M. Gallet indique aujourd'hui que l'installation de l'appareil nécessiterait le percement des murs pour l'évacuation donc l'autorisation de son bailleur, qui lui a opposé un refus (refus dont l'existence n'est pas contestée par Conceptica, laquelle ne prétend pas ne pas avoir reçu la pièce adverse n° 11 dénommée " attestation propriétaire des murs du 6 septembre 2009 ", mais dont la Cour ne dispose pas au dossier de plaidoirie de M. Gallet, qui manifestement a oublié de la verser). Ce refus rend donc de fait l'appareil inutilisable. Certes, Conceptica n'est pas responsable des stipulations du bail ni du refus du bailleur, et le bail lui est inopposable ; néanmoins, le commercial, rompu aux démarchages chez les petits commerçants, aurait dû attirer l'attention de M. Gallet sur le fait que celui-ci devait percer les murs et s'inquiéter du contenu des stipulations de son bail à ce sujet.

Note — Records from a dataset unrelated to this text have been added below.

(* Assume the setting and hypotheses of the following: $(y_i)_{i\ge1}$ is a real sequence, $\mathbf{y}=(y_1,\dots,y_n)$, $\overline{\mathbf{y}}_n=\frac1n\sum_{i\le n}y_i\to\overline{y}_\infty\ne0$; $q=q(n)$, $p=p(n)>0$, $T=T(n)\ge1$ integers with $\log n\le qn\le\sqrt n$ and $T=o(qn)$; $\mathbf{A}$ is the adjacency matrix of $G(n,q)$. Suppose moreover $npq\ge1+\epsilon$ for some fixed $\epsilon>0$ (i.e. $p\,\mathbb{E}[\lambda_1]\ge1+\epsilon$, using $\mathbb{E}[\lambda_1]=nq$). Fix an index $i$. Then: (a) if $T\le(1-\delta)\frac{\log n}{\log(npq)}$ for some fixed $\delta>0$, then $\mathbb{E}[\mathrm{CC}(\mathbf{A},p,T,\mathbf{y})_i]=o(n)$; (b) if $T\ge(1+\delta)\frac{\log n}{\log(npq)}$ for some fixed $\delta>0$, then $|\mathbb{E}[\mathrm{CC}(\mathbf{A},p,T,\mathbf{y})_i]|=\Omega(n)$, i.e. it is at least $cn$ for some $c>0$ and all large $n$.
   Context: Contextual centrality: $\mathrm{CC}(\mathbf{A},p,T,\mathbf{y})=\sum_{t=0}^{T}(p\mathbf{A})^t\mathbf{y}$. $G(n,q)$ is the Erdős–Rényi random graph: its adjacency matrix is a random symmetric $n\times n$ matrix with zero diagonal and independent Bernoulli($q$) entries above the diagonal. $\log$ is the natural logarithm; $p,q,T$ depend on $n$ and asymptotics are as $n\to\infty$. *)

theory Defs
  imports "HOL-Analysis.Analysis" "HOL-Library.Landau_Symbols"
begin

text \<open>Vertices are 1..n. Matrices/vectors are functions on nat, used only on {1..n}.\<close>

definition vpairs :: "nat \<Rightarrow> (nat \<times> nat) set" where
  "vpairs n = {(a, b). 1 \<le> a \<and> a < b \<and> b \<le> n}"

definition adj :: "(nat \<times> nat) set \<Rightarrow> nat \<Rightarrow> nat \<Rightarrow> real" where
  "adj E a b = (if (min a b, max a b) \<in> E \<and> a \<noteq> b then 1 else 0)"

definition gnp_weight :: "nat \<Rightarrow> real \<Rightarrow> (nat \<times> nat) set \<Rightarrow> real" where
  "gnp_weight n q E = q ^ card E * (1 - q) ^ (card (vpairs n) - card E)"

definition gnp_expect :: "nat \<Rightarrow> real \<Rightarrow> ((nat \<Rightarrow> nat \<Rightarrow> real) \<Rightarrow> real) \<Rightarrow> real" where
  "gnp_expect n q f = (\<Sum>E\<in>Pow (vpairs n). gnp_weight n q E * f (adj E))"

fun matpow :: "nat \<Rightarrow> (nat \<Rightarrow> nat \<Rightarrow> real) \<Rightarrow> nat \<Rightarrow> nat \<Rightarrow> nat \<Rightarrow> real" where
  "matpow n M 0 = (\<lambda>a b. if a = b then 1 else 0)"
| "matpow n M (Suc t) = (\<lambda>a b. \<Sum>k=1..n. M a k * matpow n M t k b)"

definition mulvec :: "nat \<Rightarrow> (nat \<Rightarrow> nat \<Rightarrow> real) \<Rightarrow> (nat \<Rightarrow> real) \<Rightarrow> nat \<Rightarrow> real" where
  "mulvec n M y = (\<lambda>a. \<Sum>b=1..n. M a b * y b)"

definition CC :: "nat \<Rightarrow> (nat \<Rightarrow> nat \<Rightarrow> real) \<Rightarrow> real \<Rightarrow> nat \<Rightarrow> (nat \<Rightarrow> real) \<Rightarrow> nat \<Rightarrow> real" where
  "CC n A p T y = (\<lambda>a. \<Sum>t=0..T. mulvec n (matpow n (\<lambda>u v. p * A u v) t) y a)"

end

theory Submission
  imports Defs "HOL-Real_Asymp.Real_Asymp"
begin

text \<open>The distribution of \<open>G(n,q)\<close> is invariant under relabelling vertices, so the expected walk
  matrix \<open>E[A^t]\<close> has a common diagonal entry \<open>a t\<close> and a common off-diagonal entry \<open>b t\<close>, and
  \<open>E[CC_i] = \<Sum>t\<le>T. p^t (y_i a t + b t (\<Sum>y - y_i))\<close>.
  Conditioning on the edges used so far shows \<open>a t + (n - 1) b t \<le> (nq + t)^t\<close>, so for
  \<open>T = o(nq)\<close> the expectation is at most \<open>(T + 1) (p n q)^T n^(\<delta>/4) \<le> n^(1 - 3\<delta>/4) log n = o(n)\<close>
  below the threshold. Conversely every vertex outside \<open>{i, j}\<close> is a neighbour of \<open>i\<close> with
  probability \<open>q\<close>, so \<open>b (t + 1) \<ge> q (n - 2) b t\<close> and \<open>p^T b T \<ge> (p (n - 2) q)^T / (n - 2) \<ge> 1\<close>
  above the threshold; there the term \<open>p^T b T (\<Sum>y - y_i) \<approx> p^T b T \<bar>ybar\<bar> n\<close> dominates.\<close>

lemma sum_Pow_insert:
  assumes "finite V" "e \<notin> V"
  shows "(\<Sum>E\<in>Pow (insert e V). h E) = (\<Sum>E\<in>Pow V. h E + h (insert e E))"
proof -
  have "(\<Sum>E\<in>Pow (insert e V). h E) = (\<Sum>E\<in>Pow V. h E) + (\<Sum>E\<in>insert e ` Pow V. h E)"
    unfolding Pow_insert by (rule sum.union_disjoint) (use assms in auto)
  also have "(\<Sum>E\<in>insert e ` Pow V. h E) = (\<Sum>E\<in>Pow V. h (insert e E))"
    by (rule sum.reindex_cong[where l="insert e"]) (use assms in \<open>auto simp: inj_on_def\<close>)
  finally show ?thesis by (simp add: sum.distrib)
qed

definition bernoulli_weight :: "'a set \<Rightarrow> real \<Rightarrow> 'a set \<Rightarrow> real" where
  "bernoulli_weight V q E = q ^ card E * (1 - q) ^ (card V - card E)"

lemma bernoulli_weight_insert_outside:
  assumes "finite V" "e \<notin> V" "E \<subseteq> V"
  shows "bernoulli_weight (insert e V) q E = (1 - q) * bernoulli_weight V q E"
proof -
  have "card E \<le> card V" using assms card_mono by blast
  then have "card (insert e V) - card E = Suc (card V - card E)" using assms by simp
  then show ?thesis unfolding bernoulli_weight_def by simp
qed

lemma bernoulli_weight_insert_inside:
  assumes "finite V" "e \<notin> V" "E \<subseteq> V"
  shows "bernoulli_weight (insert e V) q (insert e E) = q * bernoulli_weight V q E"
proof -
  have "finite E" "e \<notin> E" using assms finite_subset by auto
  then have "card (insert e E) = Suc (card E)" by simp
  moreover have "card (insert e V) = Suc (card V)" using assms by simp
  ultimately show ?thesis unfolding bernoulli_weight_def by simp
qed

lemma sum_bernoulli_weight: "finite V \<Longrightarrow> (\<Sum>E\<in>Pow V. bernoulli_weight V q E) = 1"
proof (induction V rule: finite_induct)
  case empty
  then show ?case by (simp add: bernoulli_weight_def)
next
  case (insert e V)
  have "(\<Sum>E\<in>Pow (insert e V). bernoulli_weight (insert e V) q E)
      = (\<Sum>E\<in>Pow V. bernoulli_weight (insert e V) q E + bernoulli_weight (insert e V) q (insert e E))"
    by (rule sum_Pow_insert) (use insert in auto)
  also have "\<dots> = (\<Sum>E\<in>Pow V. bernoulli_weight V q E)"
    by (rule sum.cong)
       (use insert in \<open>auto simp: bernoulli_weight_insert_outside bernoulli_weight_insert_inside algebra_simps\<close>)
  finally show ?case using insert by simp
qed

lemma sum_bernoulli_weight_indicator:
  assumes "finite V" "e \<in> V"
  shows "(\<Sum>E\<in>Pow V. bernoulli_weight V q E * (if e \<in> E then g E else 0))
       = q * (\<Sum>E\<in>Pow V. bernoulli_weight V q E * g (insert e E))"
proof -
  define V' where "V' = V - {e}"
  have V: "V = insert e V'" "e \<notin> V'" "finite V'" using assms unfolding V'_def by auto
  have "(\<Sum>E\<in>Pow V. bernoulli_weight V q E * (if e \<in> E then g E else 0))
      = (\<Sum>E\<in>Pow V'. q * (bernoulli_weight V' q E * g (insert e E)))"
    unfolding V(1) sum_Pow_insert[OF V(3,2)]
    by (rule sum.cong) (use V in \<open>auto simp: bernoulli_weight_insert_inside subset_iff\<close>)
  moreover have "(\<Sum>E\<in>Pow V. bernoulli_weight V q E * g (insert e E))
      = (\<Sum>E\<in>Pow V'. bernoulli_weight V' q E * g (insert e E))"
    unfolding V(1) sum_Pow_insert[OF V(3,2)]
    by (rule sum.cong)
       (use V in \<open>auto simp: bernoulli_weight_insert_outside bernoulli_weight_insert_inside algebra_simps\<close>)
  ultimately show ?thesis by (simp add: sum_distrib_left)
qed

definition edge_expect :: "nat \<Rightarrow> real \<Rightarrow> ((nat \<times> nat) set \<Rightarrow> real) \<Rightarrow> real" where
  "edge_expect n q g = (\<Sum>E\<in>Pow (vpairs n). gnp_weight n q E * g E)"

lemma finite_vpairs [simp]: "finite (vpairs n)"
  by (rule finite_subset[of _ "{1..n} \<times> {1..n}"]) (auto simp: vpairs_def)

lemma gnp_weight_eq_bernoulli_weight: "gnp_weight n q E = bernoulli_weight (vpairs n) q E"
  unfolding gnp_weight_def bernoulli_weight_def ..

lemma gnp_expect_eq_edge_expect: "gnp_expect n q f = edge_expect n q (\<lambda>E. f (adj E))"
  unfolding gnp_expect_def edge_expect_def ..

lemma edge_expect_const [simp]: "edge_expect n q (\<lambda>_. c) = c"
  using sum_bernoulli_weight[OF finite_vpairs, of n q]
  unfolding edge_expect_def gnp_weight_eq_bernoulli_weight by (simp add: sum_distrib_right[symmetric])

lemma edge_expect_mono:
  assumes "0 \<le> q" "q \<le> 1" "\<And>E. E \<subseteq> vpairs n \<Longrightarrow> g E \<le> h E"
  shows "edge_expect n q g \<le> edge_expect n q h"
  unfolding edge_expect_def gnp_weight_def
  by (rule sum_mono) (use assms in \<open>auto intro: mult_left_mono\<close>)

lemma edge_expect_nonneg:
  assumes "0 \<le> q" "q \<le> 1" "\<And>E. E \<subseteq> vpairs n \<Longrightarrow> 0 \<le> g E"
  shows "0 \<le> edge_expect n q g"
  using edge_expect_mono[of q n "\<lambda>_. 0" g] assms by simp

lemma edge_expect_cmult: "edge_expect n q (\<lambda>E. c * g E) = c * edge_expect n q g"
  unfolding edge_expect_def by (simp add: algebra_simps sum_distrib_left)

lemma edge_expect_sum: "edge_expect n q (\<lambda>E. \<Sum>k\<in>K. g k E) = (\<Sum>k\<in>K. edge_expect n q (g k))"
  unfolding edge_expect_def by (simp add: sum_distrib_left sum.swap[of _ _ K])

Il est évident que, si M. Gallet avait su au moment du démarchage qu'il devait percer les murs, il n'aurait pas signé sans avoir au préalable demandé un devis de travaux de percement et l'autorisation de son bailleur. La réticence dolosive est donc avérée ce qui entraîne la nullité de la vente ; Conceptica ne peut pas prétendre au règlement du solde de prix et de l'indemnité contractuelle et doit restituer l'acompte versé.

Il convient donc de confirmer le jugement en ce qu'il a débouté Conceptica de ses demandes et l'a condamnée à rembourser à M. Gallet l'acompte de 2 502,92 euro, sauf à juger, en application de l'article 1153 du Code Civil, que les intérêts au taux légal ne courront pas de plein droit dès la vente du 4 septembre 2008, mais seulement à compter de la première demande de remboursement formulée par M. Gallet (devant le Tribunal de Commerce, où la procédure est orale, à l'audience du 8 mars 2010).

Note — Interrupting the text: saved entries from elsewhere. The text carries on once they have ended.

lemma det_permute_rows_nth:
  assumes "distinct L" "set L = {0..<n}" and A: "A \<in> carrier_mat n n"
  shows "det (mat n n (\<lambda>(i, j). A $$ (L ! i, j))) = signof (\<lambda>i. if i < n then L ! i else i) * det A"
proof -
  have "mat n n (\<lambda>(i, j). A $$ (L ! i, j)) = mat n n (\<lambda>(i, j). A $$ (if i < n then L ! i else i, j))"
    by (rule eq_matI) auto
  then show ?thesis using det_permute_rows[OF A permutes_nth_list[OF assms(1,2)]] by simp
qed

lemma vandermonde_mat_permute_rows:
  assumes "distinct L" "set L = {0..<length qs}"
  shows "mat (length qs) (length qs) (\<lambda>(i, j). vandermonde_mat qs $$ (L ! i, j)) = vandermonde_mat (map ((!) qs) L)"
proof -
  have len: "length L = length qs" using assms distinct_card by fastforce
  then have "L ! i < length qs" if "i < length qs" for i
    using that assms(2) nth_mem[of i L] by auto
  with len show ?thesis by (intro eq_matI) (simp_all add: vandermonde_mat_def)
qed

text \<open>Both \<open>split_vandermonde_mat n r S ps x\<close> and the Vandermonde matrix of \<open>ps @ [x]\<close>
  become block diagonal after the same row permutation, which moves the rows in \<open>S\<close> and
  the last row to the top; the two signs cancel.\<close>
lemma det_split_vandermonde_mat_mult:
  fixes ps :: "'a::idom list"
  assumes n: "length ps = n" and S: "S \<subseteq> {0..<n}" and r: "card S + 1 = r"
  shows "det (split_vandermonde_mat n r S ps x) *
      ((\<Prod>l\<in>S. \<Prod>l'\<in>{0..<n} - S. ps ! l - ps ! l') * (\<Prod>l'\<in>{0..<n} - S. x - ps ! l'))
    = vandermonde_prod (ps @ [x])"
proof -
  define Sc where "Sc = {0..<n} - S"
  define ins where "ins = sorted_list_of_set S"
  define outs where "outs = sorted_list_of_set Sc"
  define L where "L = ins @ [n] @ outs"
  define \<sigma> :: 'a where "\<sigma> = signof (\<lambda>i. if i < n + 1 then L ! i else i)"
  define qs where "qs = ps @ [x]"
  define xs where "xs = map ((!) qs) (ins @ [n])"
  define ys where "ys = map ((!) qs) outs"
  have "finite S" using S finite_subset by blast
  then have ins: "distinct ins" "set ins = S" "length ins + 1 = r" using r by (auto simp: ins_def)
  have outs: "distinct outs" "set outs = Sc" by (auto simp: outs_def Sc_def)
  have L: "distinct L" "set L = {0..<n + 1}" using ins outs S by (auto simp: L_def Sc_def)
  have M: "split_vandermonde_mat n r S ps x \<in> carrier_mat (n + 1) (n + 1)"
    by (simp add: split_vandermonde_mat_def)
  have "\<sigma> * det (split_vandermonde_mat n r S ps x) =
      det (mat (n + 1) (n + 1) (\<lambda>(i, j). split_vandermonde_mat n r S ps x $$ (L ! i, j)))"
    unfolding det_permute_rows_nth[OF L M] \<sigma>_def ..
  also have "mat (n + 1) (n + 1) (\<lambda>(i, j). split_vandermonde_mat n r S ps x $$ (L ! i, j)) =
      four_block_mat (vandermonde_mat xs) (0\<^sub>m r (n + 1 - r)) (0\<^sub>m (n + 1 - r) r) (vandermonde_mat ys)"
    unfolding L_def xs_def ys_def qs_def
    by (rule split_vandermonde_mat_permute_rows[OF n S ins(1,2) outs[unfolded Sc_def] ins(3)])
  also have "det (four_block_mat (vandermonde_mat xs) (0\<^sub>m r (n + 1 - r)) (0\<^sub>m (n + 1 - r) r) (vandermonde_mat ys)) =
      det (vandermonde_mat xs) * det (vandermonde_mat ys)"
    using ins(3) distinct_card[OF L(1)] L(2)
    by (intro det_four_block_mat_lower_left_zero) (auto simp: vandermonde_mat_def xs_def ys_def L_def)
  finally have M_perm: "\<sigma> * det (split_vandermonde_mat n r S ps x) = vandermonde_prod xs * vandermonde_prod ys"
    by (simp add: det_vandermonde_mat)
  have len_qs: "length qs = n + 1" by (simp add: qs_def n)
  have V: "vandermonde_mat qs \<in> carrier_mat (n + 1) (n + 1)" by (simp add: vandermonde_mat_def len_qs)
  have "\<sigma> * vandermonde_prod qs = det (mat (n + 1) (n + 1) (\<lambda>(i, j). vandermonde_mat qs $$ (L ! i, j)))"
    unfolding det_permute_rows_nth[OF L V] \<sigma>_def det_vandermonde_mat ..
  also have "mat (n + 1) (n + 1) (\<lambda>(i, j). vandermonde_mat qs $$ (L ! i, j)) = vandermonde_mat (map ((!) qs) L)"
    using vandermonde_mat_permute_rows[of L qs] L unfolding len_qs by blast
  also have "map ((!) qs) L = xs @ ys" by (simp add: xs_def ys_def L_def)
  also have "det (vandermonde_mat (xs @ ys)) = \<sigma> * det (split_vandermonde_mat n r S ps x) * (\<Prod>a\<leftarrow>xs. \<Prod>c\<leftarrow>ys. a - c)"
    by (simp add: det_vandermonde_mat vandermonde_prod_append M_perm)
  finally have "\<sigma> * \<sigma> * vandermonde_prod qs = \<sigma> * \<sigma> * det (split_vandermonde_mat n r S ps x) * (\<Prod>a\<leftarrow>xs. \<Prod>c\<leftarrow>ys. a - c)"
    by (simp add: mult.assoc)
  moreover have "\<sigma> * \<sigma> = 1"
    unfolding \<sigma>_def by (metis of_int_1 of_int_mult sign_idempotent)
  ultimately have V_eq: "vandermonde_prod qs = det (split_vandermonde_mat n r S ps x) * (\<Prod>a\<leftarrow>xs. \<Prod>c\<leftarrow>ys. a - c)"
    by simp
  have xs': "xs = map ((!) ps) ins @ [x]" and ys': "ys = map ((!) ps) outs"
    using ins outs S n by (auto simp: xs_def ys_def qs_def Sc_def nth_append intro!: map_cong)
  have "(\<Prod>c\<leftarrow>ys. a - c) = (\<Prod>l'\<in>Sc. a - ps ! l')" for a
    using prod.distinct_set_conv_list[OF outs(1), of "\<lambda>l'. a - ps ! l'"] outs(2) by (simp add: ys' o_def)
  then have "(\<Prod>a\<leftarrow>xs. \<Prod>c\<leftarrow>ys. a - c) = (\<Prod>l\<in>S. \<Prod>l'\<in>Sc. ps ! l - ps ! l') * (\<Prod>l'\<in>Sc. x - ps ! l')"
    using prod.distinct_set_conv_list[OF ins(1), of "\<lambda>l. \<Prod>l'\<in>Sc. ps ! l - ps ! l'"] ins(2)
    by (simp add: xs' o_def)
  then show ?thesis using V_eq by (simp add: qs_def Sc_def)
qed

lemma det_split_vandermonde_mat:
  fixes ps :: "'a::idom list"
  assumes n: "length ps = n" and S: "S \<subseteq> {0..<n}" and r: "card S + 1 = r" and x: "x \<notin> set ps"
  shows "det (split_vandermonde_mat n r S ps x) * (\<Prod>l\<in>S. \<Prod>l'\<in>{0..<n} - S. ps ! l - ps ! l')
    = (-1) ^ n * vandermonde_prod ps * (\<Prod>l\<in>S. x - ps ! l)"
proof -
  define Sc where "Sc = {0..<n} - S"
  define Q where "Q = (\<Prod>l\<in>Sc. x - ps ! l)"
  have finS: "finite S" using S finite_subset by blast
  have "Q \<noteq> 0" using x n by (auto simp: Q_def Sc_def)
  have "card S \<le> n" using card_mono[OF _ S] by simp
  then have card_Sc: "card S + card Sc = n" using S finS by (simp add: Sc_def card_Diff_subset)
  have split: "{..<n} = S \<union> Sc" using S by (auto simp: Sc_def)
  have "(\<Prod>l<n. ps ! l - x) = (\<Prod>l\<in>S. ps ! l - x) * (\<Prod>l\<in>Sc. ps ! l - x)"
    unfolding split by (rule prod.union_disjoint) (auto simp: Sc_def finS)
  also have "\<dots> = (-1) ^ n * (\<Prod>l\<in>S. x - ps ! l) * Q"
    using prod_uminus[of "\<lambda>l. x - ps ! l" S] prod_uminus[of "\<lambda>l. x - ps ! l" Sc] card_Sc
    by (simp add: Q_def card_Sc[symmetric] power_add mult_ac)
  finally have "vandermonde_prod (ps @ [x]) = (-1) ^ n * vandermonde_prod ps * (\<Prod>l\<in>S. x - ps ! l) * Q"
    by (simp add: vandermonde_prod_append prod_list_map_conv_prod_nth n mult_ac)
  with det_split_vandermonde_mat_mult[OF n S r, of x] \<open>Q \<noteq> 0\<close> show ?thesis
    by (simp add: Q_def Sc_def mult.assoc[symmetric])
qed

text \<open>Unless \<open>card S + 1 = r\<close>, every permutation meets a zero entry of
  \<open>split_vandermonde_mat n r S ps x\<close>: too many rows (those in \<open>S\<close> and the last one) or too
  few rows (those outside \<open>S\<close>) would have to be matched with the first \<open>r\<close> columns.\<close>
lemma det_split_vandermonde_mat_eq_0:
  assumes S: "S \<subseteq> {0..<n}" and r: "card S + 1 \<noteq> r" "r \<le> n + 1"
  shows "det (split_vandermonde_mat n r S ps x) = 0"
proof -
  define M where "M = split_vandermonde_mat n r S ps x"
  have finS: "finite S" using S finite_subset by blast
  have zero_entry: "\<exists>i<n + 1. M $$ (i, p i) = 0" if p: "p permutes {0..<n + 1}" for p
  proof -
    have inj: "inj_on p X" for X using permutes_inj_on[OF p] by (simp add: inj_on_subset)
    have p_lt: "p i < n + 1" if "i < n + 1" for i using permutes_in_image[OF p] that by auto
    show ?thesis
    proof (cases "card S + 1 > r")
      case True
      have "n \<notin> S" using S by auto
      then have "card (p ` insert n S) = card S + 1"
        unfolding card_image[OF inj] using finS by simp
      then have "\<not> p ` insert n S \<subseteq> {0..<r}"
        using True card_mono[of "{0..<r}" "p ` insert n S"] by auto
      then obtain i where "i \<in> insert n S" "\<not> p i < r" by (auto simp: image_subset_iff)
      then show ?thesis using S p_lt[of i] by (intro exI[of _ i]) (auto simp: M_def split_vandermonde_mat_def)
    next
      case False
      define J where "J = {0..<n} - S"
      have "card S \<le> n" using card_mono[OF _ S] by simp
      then have "card (p ` J) = n - card S" using finS S by (simp add: card_image[OF inj] J_def card_Diff_subset)
      then have "\<not> p ` J \<subseteq> {r..<n + 1}"
        using False r card_mono[of "{r..<n + 1}" "p ` J"] by auto
      then obtain i where "i \<in> J" "\<not> (r \<le> p i \<and> p i < n + 1)" by (auto simp: image_subset_iff)
      then show ?thesis using p_lt[of i] by (intro exI[of _ i]) (auto simp: M_def split_vandermonde_mat_def J_def)
    qed
  qed
  have "det M = (\<Sum>p\<in>{p. p permutes {0..<n + 1}}. signof p * (\<Prod>i=0..<n + 1. M $$ (i, p i)))"
    by (rule det_def') (simp add: M_def split_vandermonde_mat_def)
  also have "\<dots> = 0"
  proof (rule sum.neutral, rule ballI)
    fix p assume "p \<in> {p. p permutes {0..<n + 1}}"
    with zero_entry obtain i where "i < n + 1" "M $$ (i, p i) = 0" by blast
    then have "(\<Prod>i=0..<n + 1. M $$ (i, p i)) = 0" by (intro prod_zero) auto
    then show "signof p * (\<Prod>i=0..<n + 1. M $$ (i, p i)) = 0" by simp
  qed
  finally show ?thesis by (simp add: M_def)
qed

Sur les dommages-intérêts réclamés par M. Gallet pour atteinte à l'honorabilité :

M. Gallet ne prétend pas que Conceptica aurait ébruité le présent litige en lui faisant une publicité défavorable et ne justifie pas de ses dommages de ce chef. Il convient donc de confirmer le jugement en ce qu'il l'a débouté de sa demande en dommages-intérêts.

Sur l'application de l'article 700 du Code de Procédure Civile et les dépens :

Conceptica succombant au principal supportera ses frais irrépétibles et les dépens, ainsi que les frais exposés par M. Gallet, soit 1 000 euro en première instance comme l'a décidé le tribunal outre 1 000 euro en appel.

Par ces motifs, LA COUR , Confirme le jugement du Tribunal de Commerce de Toulouse du 31 mai 2010 en toutes ses dispositions, sauf à juger que les intérêts au taux légal sur la somme de 2.502,92 euro que la SARL Conceptica est condamnée à rembourser à M. Gallet courent à compter du 8 mars 2010 et non à compter du 4 septembre 2008 ; Y ajoutant : Prononce la nullité de la vente conclue entre la SARL Conceptica et M. Gallet le 4 septembre 2008 ; Condamne la SARL Conceptica à payer à M. Gallet la somme supplémentaire de 1 000 euro sur le fondement de l'article 700 du Code de Procédure Civile au titre des frais irrépétibles exposés en appel ; Condamne la SARL Conceptica aux dépens d'appel, dont distraction par application de l'article 699 du Code de Procédure Civile.